Tyler Perry is planning to do far more with his new, historic Atlanta studio than just shoot films. During an interview with CBS This Morning, Perry told Gayle King that the 330 acre complex -- which houses a dozen of sound stages, all named for black Hollywood legends (Oprah Winfrey, Denzel Washington, Halle Berry, Sydney Poitier, Whoopi Goldberg, and Spike Lee are all honored) -- will also house a shelter and community center for women and queer youth
"I tell you what I'm most excited about next is that pulling this next phase off is building a compound for trafficked women, girls, homeless women, LGBTQ youth who are put out and displaced," said Perry. "And having a compound that is a beautiful place...where they're trained in the business and they become self-sufficient, they live in nice apartments, there's daycare, there's all these wonderful things that allows them to re-enter society and then pay it forward again.

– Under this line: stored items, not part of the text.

(* $\mathrm{rk}(|\Phi^3\rangle)=7$, where $|\Phi^3\rangle=|\Phi\rangle_{AB}|\Phi\rangle_{AC}|\Phi\rangle_{BC}$ with $|\Phi\rangle=|00\rangle+|11\rangle$, viewed as a tripartite tensor in $(\mathbb{C}^2\otimes\mathbb{C}^2)_A\otimes(\mathbb{C}^2\otimes\mathbb{C}^2)_B\otimes(\mathbb{C}^2\otimes\mathbb{C}^2)_C$ (party $A$ holds one qubit of the $AB$ pair and one of the $AC$ pair, and similarly for $B$ and $C$).
   Context: The tensor rank $\mathrm{rk}(|\phi\rangle)$ of $|\phi\rangle\in H_A\otimes H_B\otimes H_C$ is the minimum $r$ such that $|\phi\rangle=\sum_{j=1}^r|a_j\rangle|b_j\rangle|c_j\rangle$ with $|a_j\rangle\in H_A,|b_j\rangle\in H_B,|c_j\rangle\in H_C$. *)

theory Defs
  imports Complex_Main
begin

text \<open>Tripartite tensors in H_A \<otimes> H_B \<otimes> H_C are represented by their coefficient
  functions with respect to fixed bases indexed by types 'a, 'b, 'c.\<close>

definition tensor_rank :: "('a \<Rightarrow> 'b \<Rightarrow> 'c \<Rightarrow> complex) \<Rightarrow> nat" where
  "tensor_rank T = (LEAST r. \<exists>(a :: nat \<Rightarrow> 'a \<Rightarrow> complex) (b :: nat \<Rightarrow> 'b \<Rightarrow> complex)
       (c :: nat \<Rightarrow> 'c \<Rightarrow> complex).
       T = (\<lambda>i j k. \<Sum>l<r. a l i * b l j * c l k))"

text \<open>Unnormalized EPR pair |00> + |11> on C^2 \<otimes> C^2, basis of C^2 indexed by bool.\<close>
definition Phi :: "bool \<Rightarrow> bool \<Rightarrow> complex" where
  "Phi x y = (if x = y then 1 else 0)"

definition Phi3 :: "bool \<times> bool \<Rightarrow> bool \<times> bool \<Rightarrow> bool \<times> bool \<Rightarrow> complex" where
  "Phi3 = (\<lambda>(a1, a2) (b1, b2) (c1, c2). Phi a1 b1 * Phi a2 c1 * Phi b2 c2)"

end

theory Submission
  imports Defs "HOL-Analysis.Analysis"
begin
lemma bounded_clinear_iff:
  "bounded_clinear S \<longleftrightarrow> clinear S \<and> (\<exists>K. \<forall>x. norm (S x) \<le> K * norm x)"
  by (simp add: bounded_clinear_def lin_op_def csubspace_def clinear_iff)

lemma cindependent_iff_independent: "cindependent B \<longleftrightarrow> complex_vector.independent B"
  unfolding cindependent_def complex_vector.independent_explicit_finite_subsets by blast

lemma cdim_le_cdim_inj_image:
  assumes "clinear f" and "inj f"
  shows "cdim A \<le> cdim (f ` A)"
  unfolding cdim_def
proof (rule SUP_least)
  fix B assume "B \<in> {B. finite B \<and> B \<subseteq> A \<and> cindependent B}"
  then have B: "finite B" "B \<subseteq> A" "complex_vector.independent B"
    by (simp_all add: cindependent_iff_independent)
  have "inj_on f (complex_vector.span B)"
    using assms(2) by (rule inj_on_subset) simp
  then have "cindependent (f ` B)"
    unfolding cindependent_iff_independent
    by (rule complex_vector.linear_independent_injective_image[OF assms(1) B(3)])
  then have "f ` B \<in> {B. finite B \<and> B \<subseteq> f ` A \<and> cindependent B}"
    using B(1,2) by blast
  moreover have "card (f ` B) = card B"
    using assms(2) by (rule card_image[OF inj_on_subset]) simp
  ultimately show "enat (card B) \<le> (SUP B\<in>{B. finite B \<and> B \<subseteq> f ` A \<and> cindependent B}. enat (card B))"
    by (intro SUP_upper2[of "f ` B"]) simp_all
qed

lemma cdim_bij_image:
  assumes "clinear f" and "bij f"
  shows "cdim (f ` A) = cdim A"
proof (rule antisym)
  have "module_hom scaleC scaleC (inv f)"
    using assms by (intro complex_vector.bij_module_hom_imp_inv_module_hom) (simp_all add: module_hom_iff_linear)
  then have "clinear (inv f)"
    by (simp add: module_hom_iff_linear)
  then have "cdim (f ` A) \<le> cdim (inv f ` f ` A)"
    using assms(2) by (intro cdim_le_cdim_inj_image) (simp_all add: bij_imp_bij_inv bij_is_inj)
  also have "inv f ` f ` A = A"
    using assms(2) by (simp add: image_image bij_is_inj)
  finally show "cdim (f ` A) \<le> cdim A" .
  show "cdim A \<le> cdim (f ` A)"
    using assms by (simp add: cdim_le_cdim_inj_image bij_is_inj)
qed

lemma cinner_add_right: "cinner x (y + z) = cinner x y + cinner x z"
  by (subst (1 2 3) cinner_commute) (simp add: cinner_add_left)

lemma cinner_scaleC_right: "cinner x (c *\<^sub>C y) = c * cinner x y"
  by (subst (1 2) cinner_commute) (simp add: cinner_scaleC_left)

lemma cinner_diff_left: "cinner (x - y) z = cinner x z - cinner y z"
  using cinner_add_left[of "x - y" y z] by simp

lemma cinner_diff_right: "cinner x (y - z) = cinner x y - cinner x z"
  using cinner_add_right[of x "y - z" z] by simp
definition simple_intersection :: "'a set set \<Rightarrow> bool" where
  "simple_intersection \<C> \<longleftrightarrow> (\<forall>C1\<in>\<C>. \<forall>C2\<in>\<C>. \<forall>C3\<in>\<C>.
     C1 \<noteq> C2 \<and> C1 \<noteq> C3 \<and> C2 \<noteq> C3 \<longrightarrow> C1 \<inter> C2 \<inter> C3 = {})"

text \<open>Adjacency of circ(6,{1,2}) on vertices 0..5: i ~ j iff j - i = +-1 or +-2 mod 6.\<close>
definition circ6_adj :: "nat \<Rightarrow> nat \<Rightarrow> bool" where
  "circ6_adj i j \<longleftrightarrow> (int j - int i) mod 6 \<in> {1, 2, 4, 5}"

definition has_induced_circ6 :: "'a set \<Rightarrow> ('a \<Rightarrow> 'a \<Rightarrow> bool) \<Rightarrow> bool" where
  "has_induced_circ6 V E \<longleftrightarrow> (\<exists>f :: nat \<Rightarrow> 'a. inj_on f {0..<6} \<and> f ` {0..<6} \<subseteq> V
     \<and> (\<forall>i<6. \<forall>j<6. E (f i) (f j) \<longleftrightarrow> circ6_adj i j))"

end

theory Submission
  imports Defs
begin

text \<open>
  Let \<open>C\<close> be a clique of the first covering that is not in the second. As a maximal clique,
  \<open>C\<close> lies inside no clique \<open>P\<close> of the second covering. Simple intersection forces the cliques
  of the second covering through a vertex of \<open>C\<close> to come in pairs whose union contains \<open>C\<close>;
  following the edges of \<open>C\<close> one finds three such cliques \<open>P, Q, R\<close> with every vertex of \<open>C\<close>
  in two of them, and vertices \<open>x, y, z \<in> C\<close> lying in \<open>P \<inter> Q\<close>, \<open>Q \<inter> R\<close>, \<open>R \<inter> P\<close> only.
  Each of \<open>P, Q, R\<close> has a vertex outside \<open>C\<close>, whose neighbours in \<open>C\<close> are exactly those in
  its own clique. Simple intersection of the first covering at \<open>x, y, z\<close> makes these three
  outside vertices pairwise adjacent, and the six vertices induce \<open>circ(6,{1,2})\<close>.
\<close>

lemma is_cliqueD: "is_clique V E C \<Longrightarrow> a \<in> C \<Longrightarrow> b \<in> C \<Longrightarrow> a \<noteq> b \<Longrightarrow> E a b"
  unfolding is_clique_def by blast

lemma clique_coveringD:
  "simple_graph V E \<Longrightarrow> clique_covering V E \<C> \<Longrightarrow> E a b \<Longrightarrow> \<exists>K\<in>\<C>. a \<in> K \<and> b \<in> K"
  unfolding simple_graph_def clique_covering_def by blast

lemma simple_intersectionD:
  "simple_intersection \<C> \<Longrightarrow> A \<in> \<C> \<Longrightarrow> B \<in> \<C> \<Longrightarrow> S \<in> \<C> \<Longrightarrow> A \<noteq> B
    \<Longrightarrow> v \<in> A \<Longrightarrow> v \<in> B \<Longrightarrow> v \<in> S \<Longrightarrow> S = A \<or> S = B"
  unfolding simple_intersection_def by blast

lemma cc_le_card: "clique_covering V E \<C> \<Longrightarrow> cc V E \<le> card \<C>"
  unfolding cc_def by (rule Least_le) blast

lemma min_max_clique_covering_member_nontrivial:
  assumes sg: "simple_graph V E" and mm: "min_max_clique_covering V E \<C>" and C: "C \<in> \<C>"
  obtains x u where "x \<in> C" "u \<in> C" "x \<noteq> u"
proof -
  have cov: "clique_covering V E \<C>" and card: "card \<C> = cc V E"
    using mm unfolding min_max_clique_covering_def by blast+
  have "clique_covering V E (\<C> - {C})" if trivial: "\<forall>x\<in>C. \<forall>u\<in>C. x = u"
    unfolding clique_covering_def
  proof (intro conjI ballI impI)
    show "finite (\<C> - {C})" "\<And>K. K \<in> \<C> - {C} \<Longrightarrow> is_clique V E K"
      using cov unfolding clique_covering_def by blast+
    fix a b assume "E a b"
    then obtain K where K: "K \<in> \<C>" "a \<in> K" "b \<in> K" using clique_coveringD[OF sg cov] by blast
    have "a \<noteq> b" using \<open>E a b\<close> sg unfolding simple_graph_def by blast
    then show "\<exists>K\<in>\<C> - {C}. a \<in> K \<and> b \<in> K" using K trivial by blast
  qed
  moreover have "card (\<C> - {C}) < card \<C>"
    using cov C unfolding clique_covering_def by (blast intro: card_Diff1_less)
  ultimately show ?thesis using that cc_le_card card by fastforce
qed

lemma distinct_min_max_clique_coverings_obtain:
  assumes "min_max_clique_covering V E \<C>1" "min_max_clique_covering V E \<C>2" "\<C>1 \<noteq> \<C>2"
  obtains C where "C \<in> \<C>1" "\<forall>D\<in>\<C>2. \<not> C \<subseteq> D"
proof -
  have "finite \<C>2" "card \<C>1 = card \<C>2"
    using assms unfolding min_max_clique_covering_def clique_covering_def by simp_all
  then obtain C where C: "C \<in> \<C>1" "C \<notin> \<C>2" using card_subset_eq \<open>\<C>1 \<noteq> \<C>2\<close> by blast
  have "maximal_clique V E C" "\<forall>D\<in>\<C>2. maximal_clique V E D"
    using assms C unfolding min_max_clique_covering_def by blast+
  then have "\<forall>D\<in>\<C>2. \<not> C \<subseteq> D" using C(2) unfolding maximal_clique_def by blast
  with C(1) show ?thesis using that by blast
qed

lemma clique_subset_Un_if_covering_cliques_share_vertex:
  assumes sg: "simple_graph V E" and cov: "clique_covering V E \<C>" and si: "simple_intersection \<C>"
    and C: "is_clique V E C" "x \<in> C"
    and PQ: "P \<in> \<C>" "Q \<in> \<C>" "P \<noteq> Q" "x \<in> P" "x \<in> Q"
  shows "C \<subseteq> P \<union> Q"
proof
  fix c assume c: "c \<in> C"
  show "c \<in> P \<union> Q"
  proof (cases "c = x")
    case False
    then obtain S where "S \<in> \<C>" "x \<in> S" "c \<in> S"
      using clique_coveringD[OF sg cov is_cliqueD[OF C c]] by blast
    then show ?thesis using simple_intersectionD[OF si PQ(1,2) _ PQ(3-5)] by blast
  qed (use PQ in blast)
qed

lemma covering_triangle_around_clique:
  assumes sg: "simple_graph V E" and cov: "clique_covering V E \<C>" and si: "simple_intersection \<C>"
    and C: "is_clique V E C" and not_inside: "\<forall>D\<in>\<C>. \<not> C \<subseteq> D"
    and xu: "x \<in> C" "u \<in> C" "x \<noteq> u"
  obtains P Q R y z where "P \<in> \<C>" "Q \<in> \<C>" "R \<in> \<C>" "P \<noteq> Q" "Q \<noteq> R" "R \<noteq> P"
    "y \<in> C" "z \<in> C" "x \<in> P \<inter> Q - R" "y \<in> Q \<inter> R - P" "z \<in> R \<inter> P - Q"
    "C \<subseteq> P \<union> Q" "C \<subseteq> Q \<union> R" "C \<subseteq> R \<union> P"
proof -
  note covering_clique = clique_coveringD[OF sg cov is_cliqueD[OF C]]
  note subset_Un = clique_subset_Un_if_covering_cliques_share_vertex[OF sg cov si C]
  obtain P where P: "P \<in> \<C>" "x \<in> P" using covering_clique[OF xu] by blast
  obtain y where y: "y \<in> C" "y \<notin> P" using not_inside P by blast
  obtain Q where Q: "Q \<in> \<C>" "x \<in> Q" "y \<in> Q" using covering_clique[OF xu(1) y(1)] P y by blast
  have PQ: "C \<subseteq> P \<union> Q" using subset_Un[OF xu(1) P(1) Q(1)] P Q y by blast
  obtain z where z: "z \<in> C" "z \<notin> Q" using not_inside Q by blast
  obtain R where R: "R \<in> \<C>" "y \<in> R" "z \<in> R" using covering_clique[OF y(1) z(1)] PQ Q y z by blast
  have QR: "C \<subseteq> Q \<union> R" using subset_Un[OF y(1) Q(1) R(1)] Q R z by blast
  have RP: "C \<subseteq> R \<union> P" using subset_Un[OF z(1) R(1) P(1)] PQ R y z by blast
  have "x \<notin> R"
    using simple_intersectionD[OF si P(1) Q(1) R(1)] P Q R y z by blast
  with that P Q R y z PQ QR RP show ?thesis by blast
qed

lemma maximal_clique_Int_subset:
  assumes maxC: "maximal_clique V E C" and D: "is_clique V E D" and A: "is_clique V E A"
    and "C \<subseteq> D \<union> A"
  shows "D \<inter> A \<subseteq> C"
proof
  fix d assume d: "d \<in> D \<inter> A"
  have "is_clique V E (insert d C)"
    using maxC D A d \<open>C \<subseteq> D \<union> A\<close> unfolding maximal_clique_def is_clique_def by blast
  then show "d \<in> C" using maxC unfolding maximal_clique_def by blast
qed

lemma covering_clique_has_private_vertex:
  assumes sg: "simple_graph V E" and cov: "clique_covering V E \<C>" and si: "simple_intersection \<C>"
    and maxC: "maximal_clique V E C" and maxD: "maximal_clique V E D" and "D \<noteq> C"
    and mem: "D \<in> \<C>" "A \<in> \<C>" "B \<in> \<C>" "A \<noteq> B"
    and CA: "C \<subseteq> D \<union> A" and CB: "C \<subseteq> D \<union> B"
  obtains d where "d \<in> V" "d \<notin> C" "\<forall>c\<in>C. E d c \<longleftrightarrow> c \<in> D"
proof -
  have clique: "\<And>K. K \<in> \<C> \<Longrightarrow> is_clique V E K" and Cclique: "is_clique V E C"
    using cov maxC unfolding clique_covering_def maximal_clique_def by blast+
  obtain d where d: "d \<in> D" "d \<notin> C"
    using maxD Cclique \<open>D \<noteq> C\<close> unfolding maximal_clique_def by blast
  have "\<not> E d c" if c: "c \<in> C" "c \<notin> D" for c
  proof
    assume "E d c"
    then obtain S where S: "S \<in> \<C>" "d \<in> S" "c \<in> S" using clique_coveringD[OF sg cov] by blast
    have "S = A \<or> S = B"
      using simple_intersectionD[OF si mem(2,3) S(1) mem(4)] S c CA CB by blast
    then have "D \<inter> S \<subseteq> C"
      using maximal_clique_Int_subset[OF maxC clique[OF mem(1)] clique[OF S(1)]] CA CB by blast
    then show False using d S by blast
  qed
  moreover have "E d c" if "c \<in> C" "c \<in> D" for c
    using is_cliqueD[OF clique[OF mem(1)] d(1)] that d by blast
  moreover have "d \<in> V" using clique[OF mem(1)] d unfolding is_clique_def by blast
  ultimately show ?thesis using that d by blast
qed

text \<open>Both edges \<open>qp\<close>, \<open>q'p\<close> lie in cliques through \<open>p\<close> other than \<open>C\<close>, and simple intersection
  leaves room for only one of those.\<close>

lemma adjacent_if_common_neighbour_in_covering_clique:
  assumes sg: "simple_graph V E" and cov: "clique_covering V E \<C>" and si: "simple_intersection \<C>"
    and C: "C \<in> \<C>" "p \<in> C" and q: "q \<notin> C" "q' \<notin> C" "E q p" "E q' p" "q \<noteq> q'"
  shows "E q q'"
proof -
  obtain K where K: "K \<in> \<C>" "q \<in> K" "p \<in> K" using clique_coveringD[OF sg cov q(3)] by blast
  obtain K' where K': "K' \<in> \<C>" "q' \<in> K'" "p \<in> K'" using clique_coveringD[OF sg cov q(4)] by blast
  have "K' = K" using simple_intersectionD[OF si K(1) C(1) K'(1)] K K' C q by blast
  then show ?thesis using is_cliqueD[of V E K q q'] cov K K' q unfolding clique_covering_def by blast
qed
(* Let $(E,d)$ be a metric space with a Borel probability measure $\mu$, let $k\geq1$ and $\alpha_k:[0,\infty)\to[0,\infty)$, and assume $(E,d,\mu)$ satisfies the multi-set concentration of measure property of order $k$ with concentration profile $\alpha_k$. Let $f:E\to\mathbb{R}$ be $1$-Lipschitz, and let $A_1,\ldots,A_k$ be Borel subsets of $E$ with $(\mu(A_1),\ldots,\mu(A_k))\in\Delta_k$; set $A=A_1\cup\cdots\cup A_k$. Then for any $1$-Lipschitz function $g:E\to\mathbb{R}$ with $g=f$ on $A$, \[ \mu(|f-g|\geq r)\leq(1-\mu(A))\,\alpha_k(r/2),\qquad\forall\,0<r\leq\min_{i\neq j}d(A_i,A_j). \]
   Context: For $A,B\subset E$, $d(A,B)=\inf\{d(x,y):x\in A,y\in B\}$ and for $r>0$, $A_r=\{x\in E:\exists y\in A,\ d(x,y)<r\}$. $\Delta_k$ is the set of $(a_1,\ldots,a_k)\in[0,1]^k$ with $\sum_ja_j\leq1$ and $a_i+\sum_ja_j\geq1$ for every $i$. $(E,d,\mu)$ satisfies the multi-set concentration of measure property of order $k$ with profile $\alpha_k$ if for all Borel sets $A_1,\ldots,A_k\subset E$ with $(\mu(A_1),\ldots,\mu(A_k))\in\Delta_k$, the set $A=A_1\cup\cdots\cup A_k$ satisfies $\mu(A_r)\geq1-(1-\mu(A))\alpha_k(r)$ for all $0<r\leq\frac12\min_{i\neq j}d(A_i,A_j)$. *)

theory Defs
  imports "HOL-Probability.Probability"
begin

text \<open>Distance between two sets, d(A,B) = inf of d(x,y); value in ereal, so the
  infimum over an empty set is +infinity.\<close>
definition set_dist :: "'a::metric_space set \<Rightarrow> 'a set \<Rightarrow> ereal" where
  "set_dist A B = Inf {ereal (dist x y) | x y. x \<in> A \<and> y \<in> B}"

text \<open>min over i \<noteq> j (indices 0..k-1) of d(A_i,A_j); +infinity if there are no such pairs.\<close>
definition min_sep :: "nat \<Rightarrow> (nat \<Rightarrow> 'a::metric_space set) \<Rightarrow> ereal" where
  "min_sep k A = Inf {set_dist (A i) (A j) | i j. i < k \<and> j < k \<and> i \<noteq> j}"

definition enlarge :: "'a::metric_space set \<Rightarrow> real \<Rightarrow> 'a set" where
  "enlarge A r = {x. \<exists>y\<in>A. dist x y < r}"

definition in_Delta :: "nat \<Rightarrow> (nat \<Rightarrow> real) \<Rightarrow> bool" where
  "in_Delta k a \<longleftrightarrow> (\<forall>i<k. 0 \<le> a i \<and> a i \<le> 1) \<and> (\<Sum>j<k. a j) \<le> 1
      \<and> (\<forall>i<k. a i + (\<Sum>j<k. a j) \<ge> 1)"

definition multiset_concentration ::
    "'a::metric_space measure \<Rightarrow> nat \<Rightarrow> (real \<Rightarrow> real) \<Rightarrow> bool" where
  "multiset_concentration M k \<alpha> \<longleftrightarrow>
     (\<forall>A::nat \<Rightarrow> 'a set. (\<forall>i<k. A i \<in> sets M) \<and> in_Delta k (\<lambda>i. measure M (A i)) \<longrightarrow>
        (\<forall>r>0. ereal r \<le> min_sep k A / 2 \<longrightarrow>
           measure M (enlarge (\<Union>i<k. A i) r)
             \<ge> 1 - (1 - measure M (\<Union>i<k. A i)) * \<alpha> r))"

end

theory Submission
  imports Defs
begin

text \<open>Two 1-Lipschitz functions that agree on the union \<open>A\<close> differ by less than \<open>r\<close> on its
  \<open>r/2\<close>-enlargement, so \<open>{|f - g| \<ge> r}\<close> lies in the complement of \<open>A\<^sub>r\<^sub>/\<^sub>2\<close>. Since \<open>r \<le> min d(A\<^sub>i, A\<^sub>j)\<close>,
  the concentration property applies at radius \<open>r/2\<close> and bounds the measure of that complement.\<close>

lemma enlarge_eq_UN_ball: "enlarge S r = (\<Union>y\<in>S. ball y r)"
  unfolding enlarge_def by (auto simp: dist_commute)

lemma open_enlarge: "open (enlarge S r)"
  by (auto simp: enlarge_eq_UN_ball)

lemma lipschitz_agree_dist_lt:
  fixes f g :: "'a::metric_space \<Rightarrow> real"
  assumes "1-lipschitz_on UNIV f" "1-lipschitz_on UNIV g"
    and "\<forall>y\<in>S. g y = f y" and "x \<in> enlarge S \<rho>"
  shows "\<bar>f x - g x\<bar> < 2 * \<rho>"
proof -
  obtain y where y: "y \<in> S" "dist x y < \<rho>"
    using assms(4) unfolding enlarge_def by auto
  have "\<bar>f x - f y\<bar> \<le> dist x y" "\<bar>g x - g y\<bar> \<le> dist x y"
    using lipschitz_onD[OF assms(1), of x y] lipschitz_onD[OF assms(2), of x y]
    by (simp_all add: dist_real_def)
  with y assms(3) show ?thesis by fastforce
qed

lemma ereal_half_le_half: "ereal r \<le> m \<Longrightarrow> ereal (r / 2) \<le> m / 2"
  using ereal_divide_right_mono[of "ereal r" m 2] by simp

theorem proposition4p3:
  fixes M :: "'a::metric_space measure" and k :: nat and \<alpha> :: "real \<Rightarrow> real"
    and f g :: "'a \<Rightarrow> real" and A :: "nat \<Rightarrow> 'a set"
  assumes "prob_space M" and "sets M = sets borel"
    and "k \<ge> 1"
    and "\<forall>r\<ge>0. \<alpha> r \<ge> 0"
    and "multiset_concentration M k \<alpha>"
    and "1-lipschitz_on UNIV f"
    and "\<forall>i<k. A i \<in> sets borel"
    and "in_Delta k (\<lambda>i. measure M (A i))"
    and "1-lipschitz_on UNIV g"
    and "\<forall>x\<in>(\<Union>i<k. A i). g x = f x"
  shows "\<forall>r>0. ereal r \<le> min_sep k A \<longrightarrow>
           measure M {x. \<bar>f x - g x\<bar> \<ge> r} \<le> (1 - measure M (\<Union>i<k. A i)) * \<alpha> (r / 2)"
proof (intro allI impI)
  fix r :: real assume r: "r > 0" "ereal r \<le> min_sep k A"
  interpret prob_space M by fact
  define E where "E = enlarge (\<Union>i<k. A i) (r / 2)"
  have E_sets: "E \<in> sets M"
    unfolding E_def using assms(2) borel_open[OF open_enlarge] by simp
  have concentration: "1 - (1 - measure M (\<Union>i<k. A i)) * \<alpha> (r / 2) \<le> measure M E"
    using assms(2,5,7,8) r ereal_half_le_half[OF r(2)]
    unfolding multiset_concentration_def E_def by auto
  have "{x. \<bar>f x - g x\<bar> \<ge> r} \<subseteq> space M - E"
    using lipschitz_agree_dist_lt[OF assms(6,9,10), of _ "r / 2"]
      sets_eq_imp_space_eq[OF assms(2)] by (fastforce simp: E_def)
  then have "measure M {x. \<bar>f x - g x\<bar> \<ge> r} \<le> measure M (space M - E)"
    using E_sets by (intro finite_measure_mono) auto
  also have "\<dots> = 1 - measure M E"
    using prob_compl[OF E_sets] by simp
  finally show "measure M {x. \<bar>f x - g x\<bar> \<ge> r} \<le> (1 - measure M (\<Union>i<k. A i)) * \<alpha> (r / 2)"
    using concentration by linarith
qed

end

So, that's what I hope to do soon."
Perry also acknowledged the "poetic justice" of building the studio complex on a former Confederate Army base. "The Confederate Army is fighting to keep Negroes enslaved in America, fighting, strategy, planning on this very ground," he explained. "And now this very ground is owned by me."
Perry hopes that the studio, more than his individual films, is what he'll be remembered for. "You know, the studio's gonna be what [my legacy] is," he said. The space is the first fully Black-owned movie studio, and is drastically larger than the studios of Warner Bros., Paramount Pictures, Fox Studios, and Walt Disney Studios. Perry's lot could house all four of those studios and still have over 40 acres to spare.